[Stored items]
★ ★ ★ ★
(* For any $u,v\in\mathbb{R}^d$, \[ \{\langle u, Bv\rangle : B\in \mathbb{B}^u_d\} = \{\langle u, Bv\rangle : B\in \mathbb{B}_d\} = \big[\langle u^\downarrow, v^\uparrow\rangle,\ \langle u^\downarrow, v^\downarrow\rangle\big]. \]
   Context: $\langle u,v\rangle=\sum_j u_jv_j$ for real vectors. For $u\in\mathbb{R}^d$, $u^\downarrow$ (resp. $u^\uparrow$) is the vector with the same entries rearranged in decreasing (resp. increasing) order. $\mathbb{B}_d$ is the set of $d\times d$ bistochastic (doubly stochastic) matrices: real matrices with nonnegative entries whose rows and columns each sum to $1$. $\mathbb{B}^u_d\subseteq\mathbb{B}_d$ is the set of unistochastic matrices, i.e. matrices of the form $[\,|U_{ij}|^2\,]_{i,j}$ for some $d\times d$ unitary matrix $U$. *)

theory Defs
  imports "HOL-Analysis.Analysis" "HOL-Library.Multiset"
begin

definition bistochastic :: "real^'n^'n \<Rightarrow> bool" where
  "bistochastic B \<longleftrightarrow> (\<forall>i j. B$i$j \<ge> 0) \<and> (\<forall>i. (\<Sum>j\<in>UNIV. B$i$j) = 1) \<and> (\<forall>j. (\<Sum>i\<in>UNIV. B$i$j) = 1)"

definition conj_transpose :: "complex^'n^'n \<Rightarrow> complex^'n^'n" where
  "conj_transpose U = (\<chi> i j. cnj (U$j$i))"

definition unitary :: "complex^'n^'n \<Rightarrow> bool" where
  "unitary U \<longleftrightarrow> U ** conj_transpose U = mat 1 \<and> conj_transpose U ** U = mat 1"

definition unistochastic :: "real^'n^'n \<Rightarrow> bool" where
  "unistochastic B \<longleftrightarrow> (\<exists>U::complex^'n^'n. unitary U \<and> (\<forall>i j. B$i$j = (cmod (U$i$j))^2))"

definition entries_up :: "real^'n \<Rightarrow> real list" where
  "entries_up u = sorted_list_of_multiset (image_mset (\<lambda>i. u$i) (mset_set (UNIV::'n set)))"

definition entries_down :: "real^'n \<Rightarrow> real list" where
  "entries_down u = rev (entries_up u)"

definition list_inner :: "real list \<Rightarrow> real list \<Rightarrow> real" where
  "list_inner xs ys = sum_list (map2 (*) xs ys)"

end

theory Submission
  imports Defs "HOL-Combinatorics.Permutations"
begin

(*
  Unistochastic matrices are bistochastic, so it suffices to bound the bistochastic values and
  to reach the whole interval with unistochastic ones.
  For the bound, order the coordinates so that a = u\<down> and b = v\<down> are decreasing; the numbers y k
  of rearrangement_potential satisfy a k * b l \<le> (a k * b k - y k) + y l, a feasible dual
  solution of the assignment problem, and pairing it with the row and column sums of B gives
  \<langle>u, B v\<rangle> \<le> \<Sum>k. a k * b k. Replacing v by -v gives the lower bound.
  For the converse, a Givens rotation in the (a, b)-plane with cosine sqrt (1 - t), composed with
  a permutation matrix P \<sigma>, is orthogonal, and its squared entries form
  (1 - t) P \<sigma> + t P (\<sigma> \<circ> (a b)). Hence the unistochastic values contain the segment between
  the values at \<sigma> and at \<sigma> \<circ> (a b); writing a permutation as a product of transpositions
  chains these segments from the permutation realising \<langle>u\<down>, v\<up>\<rangle> to the one realising \<langle>u\<down>, v\<down>\<rangle>.
*)

lemma bistochasticD:
  assumes "bistochastic B"
  shows "B$i$j \<ge> 0" "(\<Sum>j\<in>UNIV. B$i$j) = 1" "(\<Sum>i\<in>UNIV. B$i$j) = 1"
  using assms unfolding bistochastic_def by auto
(* For all $\varepsilon>0$ and all $c>0$, there exists an $\varepsilon$-JOT-DP RAM program $P:\mathcal{X}\times\mathcal{E}\to\mathcal{Y}\times\mathcal{E}$ for releasing sums in the unbounded setting such that for all datasets $x=(x_1,\dots,x_n)\in\mathcal{X}$ (and compatible environments $\mathit{env}$), $$\Pr\left[\Big|\mathrm{out}(P(x,\mathit{env}))-\sum_i x_i\Big|\ge\frac{C\ln(n)}{\varepsilon}\right]<O\!\left(\frac{1}{n^c}\right),$$ where $n=|x|$ and $C>0$ is a universal constant.
   Context: Datasets are finite sequences $x=(x_1,\dots,x_n)$ of records, each an integer in $\{0,1,\dots,\Delta\}$ for a fixed $\Delta$; $\mathcal{X}$ is the set of all such finite sequences. Two datasets are adjacent if their insert-delete distance (minimum number of single-record insertions/deletions transforming one into the other) is at most $1$. A program runs on $x$ in an execution environment $\mathit{env}\in\mathcal{E}$ (initial machine state) compatible with $x$; $\mathrm{out}(P(x,\mathit{env}))$ is the random output and $T_P(x,\mathit{env})$ the random runtime. $P$ is $\varepsilon$-JOT-DP in the unbounded setting if for all adjacent $x,x'$ of arbitrary lengths, all compatible $\mathit{env},\mathit{env}'$ and all sets $S$ of (output, runtime) pairs, $\Pr[(\mathrm{out}(P(x,\mathit{env})),T_P(x,\mathit{env}))\in S]\le e^{\varepsilon}\Pr[(\mathrm{out}(P(x',\mathit{env}')),T_P(x',\mathit{env}'))\in S]$. RAM model: infinitely many memory cells holding arbitrary natural numbers; unit-cost arithmetic, Boolean operations, memory access, conditional jumps, and $\texttt{RAND}(n)$ returning a uniform integer in $\{0,\dots,n\}$; runtime is the number of executed instructions; the built-in variable $\texttt{input\_len}$ holds $|x|$. *)

theory Defs
  imports "HOL-Probability.Probability"
begin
★ ★ ★ ★
Task to complete:
Return from the data every line that holds "forall".

Solution for this problem:
  "bistochastic B \<longleftrightarrow> (\<forall>i j. B$i$j \<ge> 0) \<and> (\<forall>i. (\<Sum>j\<in>UNIV. B$i$j) = 1) \<and> (\<forall>j. (\<Sum>i\<in>UNIV. B$i$j) = 1)"
  "unistochastic B \<longleftrightarrow> (\<exists>U::complex^'n^'n. unitary U \<and> (\<forall>i j. B$i$j = (cmod (U$i$j))^2))"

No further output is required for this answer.